EXERCISE:
In exact form, please repeat the records from their opening line down to the line with "function v, and", including that line.

(Records contained in a dataset)
↓↓↓

(* Let $T>0$ and $\beta\in\mathbb{R}$ with $|\beta|<\frac{1}{2T}$. Then the boundary value problem $$\left(\frac{u'}{\sqrt{1+u'^2}}\right)'=\beta\cos u\ \text{on }[0,T],\qquad u(0)=u(T)=u'(T)$$ has at least one solution.
   Context: A solution is a function $u\in C^1([0,T],\mathbb{R})$ satisfying the boundary conditions such that $t\mapsto u'(t)/\sqrt{1+u'(t)^2}$ is continuously differentiable and the equation holds for all $t\in[0,T]$. *)

theory Defs
  imports "HOL-Analysis.Analysis"
begin

definition is_solution :: "real \<Rightarrow> real \<Rightarrow> (real \<Rightarrow> real) \<Rightarrow> bool" where
  "is_solution T \<beta> u \<longleftrightarrow>
     (\<exists>du dphi.
        continuous_on {0..T} du \<and>
        (\<forall>t\<in>{0..T}. (u has_real_derivative du t) (at t within {0..T})) \<and>
        continuous_on {0..T} dphi \<and>
        (\<forall>t\<in>{0..T}. ((\<lambda>s. du s / sqrt (1 + (du s)\<^sup>2)) has_real_derivative dphi t)
                        (at t within {0..T})) \<and>
        (\<forall>t\<in>{0..T}. dphi t = \<beta> * cos (u t)) \<and>
        u 0 = u T \<and> u T = du T)"

end

theory Submission
  imports Defs
begin

text \<open>
  With v = u'/sqrt(1 + u'^2) the equation becomes the first order system v' = \<beta> cos u,
  u' = v/sqrt(1 - v^2). Prescribing v(T) = a and u(T) = u'(T) turns it into the integral equation
  u = picard a u, which has a unique solution by Banach's fixed point theorem in a Bielecki-weighted
  sup norm; the solution depends continuously on a, and |v - a| \<le> |\<beta>| T. The last boundary
  condition u(0) = u(T) says that the integral of u' over [0,T] vanishes. For a = \<plusminus>|\<beta>| T the
  function v, and hence u', has constant sign \<plusminus>, so the intermediate value theorem yields a
  suitable a. The hypothesis |\<beta>| < 1/(2T) keeps |v| \<le> 2|\<beta>| T < 1 for |a| \<le> |\<beta>| T, where
  v \<mapsto> v/sqrt(1 - v^2) is defined and Lipschitz; truncating it outside this range makes the
  fixed point problem globally Lipschitz.
\<close>

definition phi_inv :: "real \<Rightarrow> real" where
  "phi_inv x = x / sqrt (1 - x\<^sup>2)"

lemma phi_inv_has_real_derivative:
  assumes "\<bar>x\<bar> < 1"
  shows "(phi_inv has_real_derivative 1 / ((1 - x\<^sup>2) * sqrt (1 - x\<^sup>2))) (at x)"
proof -
  have pos: "0 < 1 - x\<^sup>2"
    using assms by (simp add: abs_square_less_1)
  have sq: "sqrt (1 - x\<^sup>2) * sqrt (1 - x\<^sup>2) = 1 - x\<^sup>2"
    using pos by simp
  show ?thesis
    unfolding phi_inv_def using pos
    by (auto intro!: derivative_eq_intros) (simp add: field_simps sq power2_eq_square)
qed

lemma phi_inv_inverse:
  assumes "\<bar>x\<bar> < 1"
  shows "phi_inv x / sqrt (1 + (phi_inv x)\<^sup>2) = x"
proof -
  have pos: "0 < 1 - x\<^sup>2"
    using assms by (simp add: abs_square_less_1)
  then have "1 + (phi_inv x)\<^sup>2 = 1 / (1 - x\<^sup>2)"
    by (simp add: phi_inv_def power_divide field_simps)
  with pos show ?thesis
    by (simp add: phi_inv_def real_sqrt_divide)
qed

lemma phi_inv_lipschitz:
  assumes "0 \<le> r" "r < 1"
  shows "(1 / ((1 - r\<^sup>2) * sqrt (1 - r\<^sup>2)))-lipschitz_on {-r..r} phi_inv"
proof (rule lipschitz_onI)
  have r2: "0 < 1 - r\<^sup>2"
    using assms by (simp add: abs_square_less_1)
  have deriv: "(phi_inv has_real_derivative 1 / ((1 - z\<^sup>2) * sqrt (1 - z\<^sup>2))) (at z within {-r..r})"
    if "z \<in> {-r..r}" for z
    using that assms by (intro DERIV_subset[OF phi_inv_has_real_derivative]) auto
  have deriv_le: "norm (1 / ((1 - z\<^sup>2) * sqrt (1 - z\<^sup>2))) \<le> 1 / ((1 - r\<^sup>2) * sqrt (1 - r\<^sup>2))"
    if "z \<in> {-r..r}" for z
  proof -
    have "1 - r\<^sup>2 \<le> 1 - z\<^sup>2"
      using that by (simp add: abs_le_square_iff[symmetric] abs_le_iff)
    then have "(1 - r\<^sup>2) * sqrt (1 - r\<^sup>2) \<le> (1 - z\<^sup>2) * sqrt (1 - z\<^sup>2)"
      using r2 by (intro mult_mono) auto
    with r2 show ?thesis
      by (simp add: frac_le)
  qed
  fix x y assume "x \<in> {-r..r}" "y \<in> {-r..r}"
  from field_differentiable_bound[OF convex_real_interval(5) deriv deriv_le this]
  show "dist (phi_inv x) (phi_inv y) \<le> 1 / ((1 - r\<^sup>2) * sqrt (1 - r\<^sup>2)) * dist x y"
    by (simp add: dist_real_def)
next
  show "0 \<le> 1 / ((1 - r\<^sup>2) * sqrt (1 - r\<^sup>2))"
    using assms by (simp add: abs_square_le_1)
qed

lemma phi_inv_nonneg: "0 \<le> x \<Longrightarrow> x < 1 \<Longrightarrow> 0 \<le> phi_inv x"
  unfolding phi_inv_def by (simp add: abs_square_le_1)

lemma phi_inv_nonpos: "-1 < x \<Longrightarrow> x \<le> 0 \<Longrightarrow> phi_inv x \<le> 0"
  unfolding phi_inv_def by (intro divide_nonpos_nonneg) (auto simp: abs_square_le_1)

lemma abs_cos_diff_le: "\<bar>cos x - cos y\<bar> \<le> \<bar>x - y\<bar>" for x y :: real
proof -
  have "\<bar>cos x - cos y\<bar> = 2 * \<bar>sin ((x + y) / 2)\<bar> * \<bar>sin ((y - x) / 2)\<bar>"
    by (simp add: cos_diff_cos abs_mult)
  also have "\<dots> \<le> 2 * 1 * \<bar>(y - x) / 2\<bar>"
    by (intro mult_mono abs_sin_x_le_abs_x) auto
  finally show ?thesis
    by simp
qed

lemma ext_cont_in_bcontfun:
  fixes f :: "'a::euclidean_space \<Rightarrow> 'b::metric_space"
  assumes "continuous_on (cbox a b) f"
  shows "ext_cont f a b \<in> bcontfun"
proof -
  have "bounded (f ` cbox a b)"
    using assms by (intro compact_imp_bounded compact_continuous_image) auto
  with assms show ?thesis
    unfolding bcontfun_def ext_cont_def by (auto intro!: clamp_continuous_on clamp_bounded)
qed

lemma integral_exp_weighted_bound:
  fixes f :: "real \<Rightarrow> real"
  assumes "0 < K" "t \<le> T" "f integrable_on {t..T}"
    and bound: "\<And>s. s \<in> {t..T} \<Longrightarrow> \<bar>f s\<bar> \<le> B * exp (K * (T - s))"
  shows "\<bar>integral {t..T} f\<bar> \<le> B * exp (K * (T - t)) / K"
proof -
  have "0 \<le> B * exp (K * (T - t))"
    using bound[of t] assms(2) by (meson abs_ge_zero atLeastAtMost_iff order.trans order_refl)
  then have "0 \<le> B"
    by (simp add: zero_le_mult_iff)
  have primitive: "((\<lambda>s. B * exp (K * (T - s))) has_integral
      (- B * exp (K * (T - T)) / K) - (- B * exp (K * (T - t)) / K)) {t..T}"
    using assms(1,2)
    by (intro fundamental_theorem_of_calculus)
       (auto intro!: derivative_eq_intros simp: has_real_derivative_iff_has_vector_derivative[symmetric])
  have "\<bar>integral {t..T} f\<bar> \<le> integral {t..T} (\<lambda>s. B * exp (K * (T - s)))"
    using integral_norm_bound_integral[OF assms(3) has_integral_integrable[OF primitive]] bound
    by simp
  also have "\<dots> = B * exp (K * (T - t)) / K - B / K"
    using integral_unique[OF primitive] by simp
  also have "\<dots> \<le> B * exp (K * (T - t)) / K"
    using \<open>0 \<le> B\<close> \<open>0 < K\<close> by simp
  finally show ?thesis .
qed

lemma fixpoint_lipschitz_in_parameter:
  fixes F :: "'p::metric_space \<Rightarrow> 'a::complete_space \<Rightarrow> 'a"
  assumes "0 \<le> C" "0 \<le> c" "c < 1"
    and contraction: "\<And>p q x y. dist (F p x) (F q y) \<le> C * dist p q + c * dist x y"
  obtains fp where "\<And>p. F p (fp p) = fp p" and "(C / (1 - c))-lipschitz_on UNIV fp"
proof
  define fp where "fp p = (THE x. F p x = x)" for p
  have "\<exists>!x. F p x = x" for p
    using assms contraction[of p _ p] by (intro banach_fix_type[of c]) auto
  then show fixed: "F p (fp p) = fp p" for p
    unfolding fp_def by (rule theI')
  show "(C / (1 - c))-lipschitz_on UNIV fp"
  proof (rule lipschitz_onI)
    fix p q :: 'p
    have "dist (fp p) (fp q) \<le> C * dist p q + c * dist (fp p) (fp q)"
      using contraction[of p "fp p" q "fp q"] by (simp only: fixed)
    then have "(1 - c) * dist (fp p) (fp q) \<le> C * dist p q"
      by (simp add: algebra_simps)
    then show "dist (fp p) (fp q) \<le> C / (1 - c) * dist p q"
      using \<open>c < 1\<close> by (simp add: field_simps)
  qed (use assms in simp)
qed

locale curvature_bvp =
  fixes T \<beta> r L :: real
  assumes T_nonneg: "0 \<le> T"
    and r_ge: "2 * \<bar>\<beta>\<bar> * T \<le> r"
    and r_less_1: "r < 1"
    and lipschitz_phi_inv: "L-lipschitz_on {-r..r} phi_inv"
begin

lemma r_nonneg: "0 \<le> r"
proof -
  have "0 \<le> 2 * \<bar>\<beta>\<bar> * T"
    using T_nonneg by simp
  with r_ge show ?thesis
    by linarith
qed

lemma L_nonneg: "0 \<le> L"
  using lipschitz_phi_inv by (rule lipschitz_on_nonneg)

definition slope :: "real \<Rightarrow> real" where
  "slope x = phi_inv (max (-r) (min r x))"

lemma slope_eq_phi_inv: "\<bar>x\<bar> \<le> r \<Longrightarrow> slope x = phi_inv x"
  unfolding slope_def by (simp add: abs_le_iff)

lemma slope_lipschitz: "L-lipschitz_on UNIV slope"
proof -
  have "1-lipschitz_on UNIV (\<lambda>x. max (-r) (min r x))"
    by (rule lipschitz_onI) (auto simp: dist_real_def abs_le_iff)
  moreover have "(\<lambda>x. max (-r) (min r x)) ` UNIV \<subseteq> {-r..r}"
    using r_nonneg by auto
  ultimately have "(L * 1)-lipschitz_on UNIV (\<lambda>x. phi_inv (max (-r) (min r x)))"
    by (intro lipschitz_on_compose2 lipschitz_on_subset[OF lipschitz_phi_inv])
  then show ?thesis
    unfolding slope_def by simp
qed

lemma continuous_on_slope: "continuous_on S slope"
  using lipschitz_on_continuous_on[OF slope_lipschitz] continuous_on_subset by blast

lemma slope_nonneg: "0 \<le> x \<Longrightarrow> 0 \<le> slope x"
  unfolding slope_def using r_nonneg r_less_1 by (intro phi_inv_nonneg) auto

lemma slope_nonpos: "x \<le> 0 \<Longrightarrow> slope x \<le> 0"
  unfolding slope_def using r_nonneg r_less_1 by (intro phi_inv_nonpos) auto

definition flux :: "real \<Rightarrow> (real \<Rightarrow> real) \<Rightarrow> real \<Rightarrow> real" where
  "flux a u t = a - \<beta> * integral {t..T} (\<lambda>s. cos (u s))"

definition picard :: "real \<Rightarrow> (real \<Rightarrow> real) \<Rightarrow> real \<Rightarrow> real" where
  "picard a u t = slope a - integral {t..T} (\<lambda>s. slope (flux a u s))"

lemma flux_has_real_derivative:
  assumes "continuous_on {0..T} u" "t \<in> {0..T}"
  shows "(flux a u has_real_derivative \<beta> * cos (u t)) (at t within {0..T})"
proof -
  have "continuous_on {0..T} (\<lambda>s. cos (u s))"
    using assms(1) by (intro continuous_intros)
  from integral_has_real_derivative'[OF this assms(2)]
  show ?thesis
    unfolding flux_def by (auto intro!: derivative_eq_intros)
qed

lemma continuous_on_flux: "continuous_on {0..T} u \<Longrightarrow> continuous_on {0..T} (flux a u)"
  using flux_has_real_derivative DERIV_continuous continuous_on_eq_continuous_within by blast

lemma flux_close_to_param:
  assumes "continuous_on {0..T} u" "t \<in> {0..T}"
  shows "\<bar>flux a u t - a\<bar> \<le> \<bar>\<beta>\<bar> * T"
proof -
  have "continuous_on {t..T} (\<lambda>s. cos (u s))"
    using assms by (intro continuous_intros continuous_on_subset[OF assms(1)]) auto
  then have "\<bar>integral {t..T} (\<lambda>s. cos (u s))\<bar> \<le> T - t"
    using has_integral_bound_real[OF zero_le_one finite.emptyI integrable_integral,
        OF integrable_continuous_real, of t T "\<lambda>s. cos (u s)"] assms(2)
    by simp
  also have "\<dots> \<le> T"
    using assms(2) by simp
  finally show ?thesis
    unfolding flux_def by (simp add: abs_mult mult_left_mono)
qed

lemma continuous_on_slope_flux:
  "continuous_on {0..T} u \<Longrightarrow> continuous_on {0..T} (\<lambda>s. slope (flux a u s))"
  using continuous_on_compose2[OF continuous_on_slope continuous_on_flux subset_UNIV] .

lemma picard_has_real_derivative:
  assumes "continuous_on {0..T} u" "t \<in> {0..T}"
  shows "(picard a u has_real_derivative slope (flux a u t)) (at t within {0..T})"
  using integral_has_real_derivative'[OF continuous_on_slope_flux[OF assms(1)] assms(2)]
  unfolding picard_def by (auto intro!: derivative_eq_intros)

lemma continuous_on_picard: "continuous_on {0..T} u \<Longrightarrow> continuous_on {0..T} (picard a u)"
  using picard_has_real_derivative DERIV_continuous continuous_on_eq_continuous_within by blast

definition K :: real where
  "K = 1 + 2 * L * \<bar>\<beta>\<bar>"

definition weight :: "real \<Rightarrow> real" where
  "weight t = exp (K * (T - t))"

lemma K_ge_1: "1 \<le> K"
  unfolding K_def using L_nonneg by simp

lemma continuous_on_weight: "continuous_on S weight"
  unfolding weight_def by (intro continuous_intros)

lemma weight_ge_1: "t \<le> T \<Longrightarrow> 1 \<le> weight t"
  unfolding weight_def using K_ge_1 by simp

lemma K_large:
  assumes "0 \<le> x" "0 \<le> D"
  shows "L * x + L * (x + \<bar>\<beta>\<bar> * D / K) / K \<le> 2 * L * x + D / 2"
proof -
  have "L * x * 1 \<le> L * x * K"
    using K_ge_1 L_nonneg assms by (intro mult_left_mono) auto
  then have "L * x / K \<le> L * x"
    using K_ge_1 by (simp add: divide_le_eq)
  moreover have "L * (\<bar>\<beta>\<bar> * D / K) / K \<le> D / 2"
  proof -
    have "2 * (L * \<bar>\<beta>\<bar>) \<le> K"
      unfolding K_def by simp
    also have "\<dots> \<le> K * K"
      using mult_left_mono[OF K_ge_1, of K] K_ge_1 by simp
    finally have "2 * (L * \<bar>\<beta>\<bar>) * D \<le> K * K * D"
      using \<open>0 \<le> D\<close> by (rule mult_right_mono)
    then show ?thesis
      using K_ge_1 by (simp add: field_simps)
  qed
  ultimately show ?thesis
    by (simp only: distrib_left add_divide_distrib)
qed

↑↑↑

ANSWER AREA:
(* Let $T>0$ and $\beta\in\mathbb{R}$ with $|\beta|<\frac{1}{2T}$. Then the boundary value problem $$\left(\frac{u'}{\sqrt{1+u'^2}}\right)'=\beta\cos u\ \text{on }[0,T],\qquad u(0)=u(T)=u'(T)$$ has at least one solution.
   Context: A solution is a function $u\in C^1([0,T],\mathbb{R})$ satisfying the boundary conditions such that $t\mapsto u'(t)/\sqrt{1+u'(t)^2}$ is continuously differentiable and the equation holds for all $t\in[0,T]$. *)

theory Defs
  imports "HOL-Analysis.Analysis"
begin

definition is_solution :: "real \<Rightarrow> real \<Rightarrow> (real \<Rightarrow> real) \<Rightarrow> bool" where
  "is_solution T \<beta> u \<longleftrightarrow>
     (\<exists>du dphi.
        continuous_on {0..T} du \<and>
        (\<forall>t\<in>{0..T}. (u has_real_derivative du t) (at t within {0..T})) \<and>
        continuous_on {0..T} dphi \<and>
        (\<forall>t\<in>{0..T}. ((\<lambda>s. du s / sqrt (1 + (du s)\<^sup>2)) has_real_derivative dphi t)
                        (at t within {0..T})) \<and>
        (\<forall>t\<in>{0..T}. dphi t = \<beta> * cos (u t)) \<and>
        u 0 = u T \<and> u T = du T)"

end

theory Submission
  imports Defs
begin

text \<open>
  With v = u'/sqrt(1 + u'^2) the equation becomes the first order system v' = \<beta> cos u,
  u' = v/sqrt(1 - v^2). Prescribing v(T) = a and u(T) = u'(T) turns it into the integral equation
  u = picard a u, which has a unique solution by Banach's fixed point theorem in a Bielecki-weighted
  sup norm; the solution depends continuously on a, and |v - a| \<le> |\<beta>| T. The last boundary
  condition u(0) = u(T) says that the integral of u' over [0,T] vanishes. For a = \<plusminus>|\<beta>| T the
  function v, and hence u', has constant sign \<plusminus>, so the intermediate value theorem yields a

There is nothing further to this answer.